Infectious etiology and indicators of malabsorption or intestinal injury in childhood diarrhea

Adson Martins, Samara Santos, Claudia Lisboa, Tânia Barros, Tereza Ribeiro, Hugo da Costa-Ribeiro Jr., Ângela Mattos, Patrícia Mendes, Carlos Mendes, Edna Souza, Ana Amor, Neci Soares, Márcia Cristina Aquino Teixeira, .

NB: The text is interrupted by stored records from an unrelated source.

(* Let $b\in\mathbb{R}$. For $X=(y^1,y^2,y^3,x^1,x^2,x^3,z^1,z^2,z^3)^T\in\mathbb{C}^9$ write $y^\pm=y^1\pm\mathrm{i}y^2$, $x^\pm=x^1\pm\mathrm{i}x^2$, $z^\pm=z^1\pm\mathrm{i}z^2$, and $$\mathcal{L}_X(\lambda)=\frac{\mathrm{i}}{2}\begin{pmatrix}u(\lambda)&v(\lambda)\\ w(\lambda)&-u(\lambda)\end{pmatrix},\quad u=b+\frac{y^3}{\lambda}+\frac{x^3}{\lambda^2}+\frac{z^3}{\lambda^3},\ v=\frac{y^-}{\lambda}+\frac{x^-}{\lambda^2}+\frac{z^-}{\lambda^3},\ w=\frac{y^+}{\lambda}+\frac{x^+}{\lambda^2}+\frac{z^+}{\lambda^3}.$$ Let $\eta\in\mathbb{C}$, $\eta_1=\eta$, $\eta_2=\bar\eta$, and let $\mu_1,\mu_2\in\mathbb{C}$ satisfy $4\mu_j^2+u(\eta_j)^2+v(\eta_j)w(\eta_j)=0$ ($j=1,2$). Define (whenever the denominators are nonzero) $$s=\frac{u(\eta_1)-\mu_1}{v(\eta_1)},\qquad t=\frac{(\eta_1-\eta_2)(u(\eta_1)+\mu_1)(u(\eta_2)-\mu_2)}{(u(\eta_1)+\mu_1)w(\eta_2)-(u(\eta_2)-\mu_2)w(\eta_1)},$$ $$\mathcal{M}(\lambda)=\begin{pmatrix}\lambda-\eta_1+st& t\\ -s^2t+(\eta_1-\eta_2)s&\lambda-\eta_2-st\end{pmatrix}.$$ Suppose $\breve X\in\mathbb{C}^9$ is such that $\mathcal{M}(\lambda)\mathcal{L}_X(\lambda)=\mathcal{L}_{\breve X}(\lambda)\mathcal{M}(\lambda)$ for all $\lambda$ (this defines the two-point Bäcklund transformation $X\mapsto\breve X$). Then $$\breve X=\Phi\,X+X_0,\qquad \Phi=\begin{pmatrix}\mathbb{1}_3&0&0\\ A&\mathbb{1}_3&0\\ B&A&\mathbb{1}_3\end{pmatrix},$$ where $A,B$ are $3\times3$ matrices depending only on $s,t,\eta$, and $X_0\in\mathbb{C}^9$ is a vector depending only on $s,t,\eta$ and $b$ (here $\mathbb 1_3$ is the $3\times3$ identity and $0$ the $3\times3$ zero matrix).
   Context: $\mathrm{i}$ is the imaginary unit and $\bar\eta$ the complex conjugate of $\eta$. The quantities $s,t$ themselves depend on $X$, so the map $X\mapsto\breve X$ is nonlinear; the claim concerns the dependence of $\breve X$ on $X$ with $s,t,\eta$ regarded as parameters. *)

theory Defs
  imports "HOL-Analysis.Analysis"
begin

text \<open>A point X = (y^1,y^2,y^3,x^1,x^2,x^3,z^1,z^2,z^3) of C^9 is represented by its
  three blocks (y, x, z), each in complex^3 (components indexed 1,2,3).\<close>

type_synonym pt9 = "(complex^3) \<times> (complex^3) \<times> (complex^3)"

definition yb :: "pt9 \<Rightarrow> complex^3" where "yb X = fst X"
definition xb :: "pt9 \<Rightarrow> complex^3" where "xb X = fst (snd X)"
definition zb :: "pt9 \<Rightarrow> complex^3" where "zb X = snd (snd X)"

definition mat2 :: "complex \<Rightarrow> complex \<Rightarrow> complex \<Rightarrow> complex \<Rightarrow> complex^2^2" where
  "mat2 a11 a12 a21 a22 = (\<chi> i j. if i = 1 then (if j = 1 then a11 else a12)
                                   else (if j = 1 then a21 else a22))"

Keywords: diarrheal disease, infectious, children, enterobacteria, enterovirus, Entamoeba histolytica, Giardia duodenalis, Blastocystis, steatocrit

Abstract

Introduction. The multifactorial etiology of gastroenteritis emphasizes the need for different laboratory methods to identify or exclude infectious agents and evaluate the severity of diarrheal disease.
Objective. To diagnose the infectious etiology in diarrheic children and to evaluate some fecal markers associated with intestinal integrity.
Materials and methods. The study group comprised 45 children with diarrheal disease, tested for enteropathogens and malabsorption markers, and 76 children whose feces were used for fat evaluation by the traditional and acid steatocrit tests.
Results. We observed acute diarrhea in 80% of the children and persistent diarrhea in 20%. Of the diarrheic individuals analyzed, 40% were positive for enteropathogens, with rotavirus (13.3%) and Giardia duodenalis (11.1%) the most frequently diagnosed. Among the infected patients, occult blood was more evident in those carrying pathogenic bacteria (40%) and enteroviruses (40%), while steatorrhea was observed in infections by the protozoa G. duodenalis (35.7%). Children with diarrhea excreted significantly more lipids in feces than non-diarrheic children, as determined by the traditional (p<0.0003) and acid steatocrit (p<0.0001) methods. Moreover, the acid steatocrit method detected 16.7% more fecal fat than the traditional method.
Conclusions. Childhood diarrhea can lead to increasingly severe nutrient deficiencies. Steatorrhea is the hallmark of malabsorption, and a stool test, such as the acid steatocrit, can be routinely used as a laboratory tool for the semi-quantitative evaluation of fat malabsorption in diarrheic children.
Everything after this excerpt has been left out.